The Holocaust was virtually non-existent in individual and collective memory. Harald Jähner writes it everywhere: “The Shoah played such a minor role in the consciousness of most post-war Germans that one might be shocked. […] very few people spoke of it publicly, like the philosopher Karl Jaspers. Jews were not even explicitly mentioned in the confessions of guilt of the Protestant and Catholic Churches, which were the subject of long discussions. »

Germany admitted its fate while refusing its cause: it wanted to pay for the war, not for the murder of six million Jews. The human mind is so made that it believes in the performative power of discretion: keeping silent about a crime leads one to believe that it will eventually disappear. This Hitler, alas and whatever may be said, did not arrive at the chancellery through the operation of the Holy Spirit, nor even through a coup d’état. The Allies had not forgotten him.

Neither the murder of millions of Jews nor the crimes of the Wehrmacht had attenuated, for the majority, the feeling that order and correction were at home, in Germany.Harald Jähner

Even more remarkable, let’s not say delusional, the Germans were convinced they had discovered savagery. The explosion of crime occupied the press and obsessed the newspapers. How could Kant’s country sink into immorality? The question is in itself an insolence, as Harald Jähner very intelligently points out:

“The Germans, with their war crimes and genocide, had long since become criminals. […] Neither the murder of millions of Jews nor the crimes of the Wehrmacht had attenuated, for the majority, the feeling that order and correction were at home, in Germany. They therefore watched with all the more fear as crime became a norm in these times of distress. »

Stability does not exist

This “black market” generation would transform, in the 1950s, into an exemplary people of civility, whose “petty bourgeois spirit” would be mocked for a long time. Failing to have carried out a convincing denazification, Germany will rush into the European project, will become the symbol of a new world by tearing down the Wall, will build an exemplary social and liberal democracy, will offer Berlin to European youth so that she comes to love herself, to dance, in freedom.

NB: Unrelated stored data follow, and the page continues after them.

lemma AE_obtain_in_nonnull:
  assumes "AE x in M. P x" "B \<in> sets M" "emeasure M B \<noteq> 0"
  obtains x where "x \<in> B" "P x"
proof -
  have "\<not> (AE x in M. x \<notin> B)"
    using assms(2,3) null_setsD1 by (simp flip: AE_iff_null_sets) blast
  moreover have "AE x in M. x \<notin> B" if "\<nexists>x. x \<in> B \<and> P x"
    using assms(1) by eventually_elim (use that in blast)
  ultimately show thesis
    using that by blast
qed

definition cell :: "nat \<Rightarrow> nat \<Rightarrow> real set" where
  "cell q c = {real c / real q ..< (real c + 1) / real q}"

lemma mem_cell_iff_floor: "q > 0 \<Longrightarrow> y \<in> cell q c \<longleftrightarrow> \<lfloor>real q * y\<rfloor> = int c"
  unfolding cell_def by (simp add: floor_eq_iff field_simps)

lemma mem_cell_unique: "q > 0 \<Longrightarrow> y \<in> cell q c \<Longrightarrow> y \<in> cell q c' \<Longrightarrow> c = c'"
  by (simp add: mem_cell_iff_floor)

lemma chi_eq_floor: "p > 0 \<Longrightarrow> chi p c y = (if \<lfloor>real p * y\<rfloor> = int c then 1 else 0)"
  using mem_cell_iff_floor[of p y c] unfolding chi_def cell_def by simp

lemma cell_subset_unit: "c < q \<Longrightarrow> cell q c \<subseteq> {0..<1}"
  unfolding cell_def by (auto simp: field_simps)

lemma emeasure_unitI_cell:
  assumes "c < q" shows "emeasure unitI (cell q c) = ennreal (1 / real q)"
proof -
  have "real c / real q \<le> (real c + 1) / real q"
    by (simp add: divide_right_mono)
  with cell_subset_unit[OF assms] show ?thesis
    by (simp add: unitI_def emeasure_restrict_space cell_def diff_divide_distrib[symmetric])
qed

lemma sets_unitI_cell: "c < q \<Longrightarrow> cell q c \<in> sets unitI"
  using cell_subset_unit[of c q] by (simp add: unitI_def sets_restrict_space_iff cell_def)

lemma floor_mult_if_mem_refined_cell:
  assumes "n > 0" "q > 0" "y \<in> cell (n * q) c"
  shows "\<lfloor>real q * y\<rfloor> = int (c div n)"
proof -
  have "real q * y = real (n * q) * y / real_of_int (int n)"
    using assms(1) by simp
  then have "\<lfloor>real q * y\<rfloor> = \<lfloor>real (n * q) * y\<rfloor> div int n"
    by (simp only: floor_divide_real_eq_div[OF of_nat_0_le_iff])
  also have "\<dots> = int (c div n)"
    using assms by (simp add: mem_cell_iff_floor zdiv_int)
  finally show ?thesis .
qed

lemma nat_floor_mult_less:
  assumes "q > 0" "y < 1" shows "nat \<lfloor>real q * y\<rfloor> < q"
proof -
  have "\<lfloor>real q * y\<rfloor> < int q"
    using assms by (simp add: floor_less_iff)
  then show ?thesis
    using assms(1) by linarith
qed

definition grid_box :: "nat set \<Rightarrow> nat \<Rightarrow> (nat \<Rightarrow> nat) \<Rightarrow> (nat \<Rightarrow> real) set" where
  "grid_box S q c = PiE S (\<lambda>j. cell q (c j))"

lemma grid_box_subset_cube: "(\<And>j. j \<in> S \<Longrightarrow> c j < q) \<Longrightarrow> grid_box S q c \<subseteq> cube S"
  unfolding grid_box_def cube_def by (intro PiE_mono) (simp add: cell_subset_unit)

lemma sets_grid_box:
  "finite S \<Longrightarrow> (\<And>j. j \<in> S \<Longrightarrow> c j < q) \<Longrightarrow> grid_box S q c \<in> sets (cubeM S)"
  unfolding grid_box_def cubeM_def by (intro sets_PiM_I_finite) (simp_all add: sets_unitI_cell)

lemma emeasure_grid_box:
  assumes "finite S" "\<And>j. j \<in> S \<Longrightarrow> c j < q"
  shows "emeasure (cubeM S) (grid_box S q c) = ennreal ((1 / real q) ^ card S)"
proof -
  have "emeasure (cubeM S) (grid_box S q c) = (\<Prod>j\<in>S. emeasure unitI (cell q (c j)))"
    unfolding grid_box_def cubeM_def using assms by (intro unitI.emeasure_PiM) (simp_all add: sets_unitI_cell)
  also have "\<dots> = (\<Prod>j\<in>S. ennreal (1 / real q))"
    using assms(2) by (simp add: emeasure_unitI_cell)
  finally show ?thesis
    by (simp add: ennreal_power)
qed

lemma measure_grid_box_pos:
  assumes "q > 0" "finite S" "\<And>j. j \<in> S \<Longrightarrow> c j < q"
  shows "measure (cubeM S) (grid_box S q c) > 0"
  using emeasure_grid_box[OF assms(2,3)] assms(1) by (simp add: measure_def)

lemma staircase_fun_cellwise_constant:
  assumes "p > 0" "staircase_fun p N \<alpha> f"
    and "k \<in> cube {..<N}" "k' \<in> cube {..<N}" "x \<in> cube \<alpha>" "x' \<in> cube \<alpha>"
    and "\<And>j. j < N \<Longrightarrow> \<lfloor>real p * k j\<rfloor> = \<lfloor>real p * k' j\<rfloor>"
    and "\<And>j. j \<in> \<alpha> \<Longrightarrow> \<lfloor>real p * x j\<rfloor> = \<lfloor>real p * x' j\<rfloor>"
  shows "f k x = f k' x'"
proof -
  obtain C a where "\<forall>k \<in> cube {..<N}. \<forall>x \<in> cube \<alpha>.
      f k x = (\<Sum>(c, d) \<in> C. a (c, d) * (\<Prod>j<N. chi p (c j) (k j)) * (\<Prod>j\<in>\<alpha>. chi p (d j) (x j)))"
    using assms(2) unfolding staircase_fun_def by blast
  with assms(3-) show ?thesis
    by (simp add: chi_eq_floor[OF \<open>p > 0\<close>])
qed

lemma staircase_mat_cellwise_constant:
  assumes "p > 0" "staircase_mat p N \<alpha> A"
    and "k \<in> cube {..<N}" "k' \<in> cube {..<N}" "x \<in> cube \<alpha>" "x' \<in> cube \<alpha>"
    and "\<And>j. j < N \<Longrightarrow> \<lfloor>real p * k j\<rfloor> = \<lfloor>real p * k' j\<rfloor>"
    and "\<And>j. j \<in> \<alpha> \<Longrightarrow> \<lfloor>real p * x j\<rfloor> = \<lfloor>real p * x' j\<rfloor>"
  shows "A k x = A k' x'"
proof -
  have "A k x $ r $ s = A k' x' $ r $ s" for r s
    using assms(2) unfolding staircase_mat_def
    by (intro staircase_fun_cellwise_constant[OF assms(1) _ assms(3-)]) simp
  then show ?thesis
    by (simp add: vec_eq_iff)
qed

lemma L2_indicator_scaleR:
  assumes "E \<in> sets (cubeM {..<N})" "emeasure (cubeM {..<N}) E < \<infinity>"
  shows "L2 N (\<lambda>y. indicator E y *\<^sub>R v)"
proof -
  have "(\<lambda>k. (norm (indicator E k *\<^sub>R v))\<^sup>2) = (\<lambda>k. indicator E k * (norm v)\<^sup>2)"
    by (auto simp: indicator_def)
  then show ?thesis
    unfolding L2_def using assms by (simp add: integrable_mult_left)
qed

lemma diamond_in_PiE_iff:
  assumes "k \<in> cube {..<N}" "\<beta> \<subseteq> {..<N}"
  shows "diamond \<beta> k x \<in> PiE {..<N} I \<longleftrightarrow>
           (\<forall>j\<in>\<beta>. x j \<in> I j) \<and> (\<forall>j<N. j \<notin> \<beta> \<longrightarrow> k j \<in> I j)"
  using assms unfolding diamond_def cube_def PiE_iff extensional_def by auto

lemma avg_op_eq_0_if_coefficient_vanishes:
  assumes "\<And>x. x \<in> cube \<beta> \<Longrightarrow> B k x = 0"
  shows "avg_op \<beta> B u k = 0"
proof -
  have "avg_op \<beta> B u k = (\<integral>x. 0 \<partial>cubeM \<beta>)"
    unfolding avg_op_def
    by (rule Bochner_Integration.integral_cong) (simp_all add: assms space_cubeM)
  then show ?thesis
    by simp
qed

lemma avg_op_eq_0_if_frozen_coordinate_outside:
  assumes "\<And>y. y \<notin> PiE {..<N} I \<Longrightarrow> u y = 0" "j < N" "j \<notin> \<beta>" "k j \<notin> I j"
  shows "avg_op \<beta> B u k = 0"
proof -
  have "diamond \<beta> k x \<notin> PiE {..<N} I" for x
  proof
    assume "diamond \<beta> k x \<in> PiE {..<N} I"
    then have "diamond \<beta> k x j \<in> I j"
      using assms(2) by (simp add: PiE_mem)
    with assms(3,4) show False
      by (simp add: diamond_def)
  qed
  then show ?thesis
    unfolding avg_op_def by (simp add: assms(1))
qed

lemma avg_op_indicator_scaleR:
  assumes "D \<in> sets (cubeM \<alpha>)" "emeasure (cubeM \<alpha>) D < \<infinity>"
    and "\<And>x. x \<in> cube \<alpha> \<Longrightarrow> diamond \<alpha> k x \<in> E \<longleftrightarrow> x \<in> D"
    and "\<And>x. x \<in> D \<Longrightarrow> B k x = C"
  shows "avg_op \<alpha> B (\<lambda>y. indicator E y *\<^sub>R v) k = measure (cubeM \<alpha>) D *\<^sub>R (C *v v)"
proof -
  have "avg_op \<alpha> B (\<lambda>y. indicator E y *\<^sub>R v) k = (\<integral>x. indicator D x *\<^sub>R (C *v v) \<partial>cubeM \<alpha>)"
    unfolding avg_op_def using assms(3,4)
    by (intro Bochner_Integration.integral_cong)
       (auto simp: space_cubeM indicator_def matrix_vector_mult_scaleR)
  with assms(1,2) show ?thesis
    by (simp add: integrable_real_indicator sets.Int_space_eq2)
qed

lemma sum_avg_op_eq_single:
  fixes A :: "nat set \<Rightarrow> (nat \<Rightarrow> real) \<Rightarrow> (nat \<Rightarrow> real) \<Rightarrow> complex ^ 'm ^ 'm"
  assumes "\<alpha> \<subseteq> {..<N}"
    and "\<And>\<beta> x. \<alpha> \<subset> \<beta> \<Longrightarrow> \<beta> \<subseteq> {..<N} \<Longrightarrow> x \<in> cube \<beta> \<Longrightarrow> A \<beta> k x = 0"
    and "\<And>y. y \<notin> PiE {..<N} I \<Longrightarrow> u y = 0" "\<And>j. j \<in> \<alpha> \<Longrightarrow> k j \<notin> I j"
  shows "(\<Sum>\<beta> \<in> Pow {..<N}. avg_op \<beta> (A \<beta>) u k) = avg_op \<alpha> (A \<alpha>) u k"
proof -
  have "avg_op \<beta> (A \<beta>) u k = 0" if "\<beta> \<subseteq> {..<N}" "\<beta> \<noteq> \<alpha>" for \<beta>
  proof (cases "\<alpha> \<subseteq> \<beta>")
    case True
    with that assms(2) show ?thesis
      by (intro avg_op_eq_0_if_coefficient_vanishes) auto
  next
    case False
    then obtain j where "j \<in> \<alpha>" "j \<notin> \<beta>" by blast
    moreover from this have "j < N"
      using assms(1) by auto
    ultimately show ?thesis
      using avg_op_eq_0_if_frozen_coordinate_outside assms(3,4) by blast
  qed
  with assms(1) show ?thesis
    by (subst sum.remove[of _ \<alpha>]) auto
qed

text \<open>On the grid of mesh \<open>1/(2p)\<close>: the lower (\<open>b = 0\<close>) or upper (\<open>b = 1\<close>) half of the
  cell of mesh \<open>1/p\<close> containing \<open>y\<close>.\<close>
definition half_index :: "nat \<Rightarrow> real \<Rightarrow> nat \<Rightarrow> nat" where
  "half_index p y b = 2 * nat \<lfloor>real p * y\<rfloor> + b"

lemma half_index_less: "p > 0 \<Longrightarrow> y < 1 \<Longrightarrow> b < 2 \<Longrightarrow> half_index p y b < 2 * p"
  using nat_floor_mult_less[of p y] unfolding half_index_def by linarith

lemma floor_mult_eq_if_mem_half_cell:
  assumes "p > 0" "0 \<le> y0" "b < 2" "y \<in> cell (2 * p) (half_index p y0 b)"
  shows "\<lfloor>real p * y\<rfloor> = \<lfloor>real p * y0\<rfloor>"
proof -
  have "\<lfloor>real p * y\<rfloor> = int (half_index p y0 b div 2)"
    using floor_mult_if_mem_refined_cell[of 2 p] assms(1,4) by simp
  also have "half_index p y0 b div 2 = nat \<lfloor>real p * y0\<rfloor>"
    using assms(3) unfolding half_index_def by simp
  finally show ?thesis
    using assms(1,2) by simp
qed

lemma lower_upper_half_cells_disjoint:
  assumes "p > 0" "y \<in> cell (2 * p) (half_index p y0 0)"
  shows "y \<notin> cell (2 * p) (half_index p y1 1)"
proof
  assume "y \<in> cell (2 * p) (half_index p y1 1)"
  with assms have "half_index p y0 0 = half_index p y1 1"
    by (intro mem_cell_unique[of "2 * p" y]) simp_all
  then show False
    by (simp add: half_index_def double_not_eq_Suc_double)
qed

definition test_index :: "nat \<Rightarrow> nat set \<Rightarrow> (nat \<Rightarrow> real) \<Rightarrow> (nat \<Rightarrow> real) \<Rightarrow> nat \<Rightarrow> nat" where
  "test_index p \<alpha> k0 x0 j = (if j \<in> \<alpha> then half_index p (x0 j) 1 else half_index p (k0 j) 0)"

lemma test_index_less:
  assumes "p > 0" "\<alpha> \<subseteq> {..<N}" "k0 \<in> cube {..<N}" "x0 \<in> cube \<alpha>" "j < N"
  shows "test_index p \<alpha> k0 x0 j < 2 * p"
proof (cases "j \<in> \<alpha>")
  case True
  then show ?thesis
    using half_index_less[OF assms(1)] cube_coordinate_range[OF assms(4) True]
    unfolding test_index_def by simp
next
  case False
  then show ?thesis
    using half_index_less[OF assms(1)] cube_coordinate_range[OF assms(3), of j] assms(5)
    unfolding test_index_def by simp
qed

lemma avg_op_test_box:
  assumes p: "p > 0" and \<alpha>: "\<alpha> \<subseteq> {..<N}" and stair: "staircase_mat p N \<alpha> B"
    and k0: "k0 \<in> cube {..<N}" and x0: "x0 \<in> cube \<alpha>" and k: "k \<in> cube {..<N}"
    and k_cells: "\<And>j. j < N \<Longrightarrow> k j \<in> cell (2 * p) (half_index p (k0 j) 0)"
  defines "d \<equiv> test_index p \<alpha> k0 x0"
  shows "avg_op \<alpha> B (\<lambda>y. indicator (grid_box {..<N} (2 * p) d) y *\<^sub>R v) k =
           measure (cubeM \<alpha>) (grid_box \<alpha> (2 * p) d) *\<^sub>R (B k0 x0 *v v)"
proof (rule avg_op_indicator_scaleR)
  have fin: "finite \<alpha>"
    using \<alpha> finite_subset by blast
  have d_less: "d j < 2 * p" if "j \<in> \<alpha>" for j
    using test_index_less[OF p \<alpha> k0 x0] subsetD[OF \<alpha> that] unfolding d_def by simp
  show "grid_box \<alpha> (2 * p) d \<in> sets (cubeM \<alpha>)"
    "emeasure (cubeM \<alpha>) (grid_box \<alpha> (2 * p) d) < \<infinity>"
    using sets_grid_box[OF fin d_less] emeasure_grid_box[OF fin d_less] by simp_all
  show "diamond \<alpha> k x \<in> grid_box {..<N} (2 * p) d \<longleftrightarrow> x \<in> grid_box \<alpha> (2 * p) d"
    if "x \<in> cube \<alpha>" for x
  proof -
    have "x \<in> grid_box \<alpha> (2 * p) d \<longleftrightarrow> (\<forall>j\<in>\<alpha>. x j \<in> cell (2 * p) (d j))"
      using that unfolding grid_box_def cube_def by (auto simp: PiE_iff)
    moreover have "\<forall>j<N. j \<notin> \<alpha> \<longrightarrow> k j \<in> cell (2 * p) (d j)"
      using k_cells unfolding d_def test_index_def by simp
    ultimately show ?thesis
      using diamond_in_PiE_iff[OF k \<alpha>] unfolding grid_box_def by simp
  qed
  show "B k x = B k0 x0" if x: "x \<in> grid_box \<alpha> (2 * p) d" for x
  proof -
    have x_cube: "x \<in> cube \<alpha>"
      using subsetD[OF grid_box_subset_cube x] d_less by blast
    have floor_k: "\<lfloor>real p * k j\<rfloor> = \<lfloor>real p * k0 j\<rfloor>" if "j < N" for j
      using floor_mult_eq_if_mem_half_cell[OF p _ _ k_cells[OF that]]
        cube_coordinate_range[OF k0, of j] that by simp
    have floor_x: "\<lfloor>real p * x j\<rfloor> = \<lfloor>real p * x0 j\<rfloor>" if "j \<in> \<alpha>" for j
      using floor_mult_eq_if_mem_half_cell[OF p, of "x0 j" 1 "x j"] PiE_mem[OF x[unfolded grid_box_def] that]
        cube_coordinate_range[OF x0 that] that unfolding d_def test_index_def by simp
    show ?thesis
      by (rule staircase_mat_cellwise_constant[OF p stair k k0 x_cube x0 floor_k floor_x])
  qed
qed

READ ALSO Germany: the AfD’s response to criticism from Marine Le PenNature is such that stability does not exist: regression or progression are the only movements of humanity. Democracy, too, must constantly demonstrate its right to exist. History does not save anyone on principle. Not even Germany, once again challenged.

Born in 1990, Arthur Chevallier is a historian and editor at Passés Composites. He was curator of the exhibition “Napoléon” (2021), produced by the Grand Palais and La Villette. He has written several books devoted to the political and cultural posterity of Napoleon Bonaparte and the First Empire, “Napoleon told by those who knew him” (Grasset, 2014), “Napoleon without Bonaparte” (Cerf, 2018), “Napoleon and Bonapartism” (Que sais-je?, 2021), or even “Les Femmes de Napoléon” (Grasset, 2022).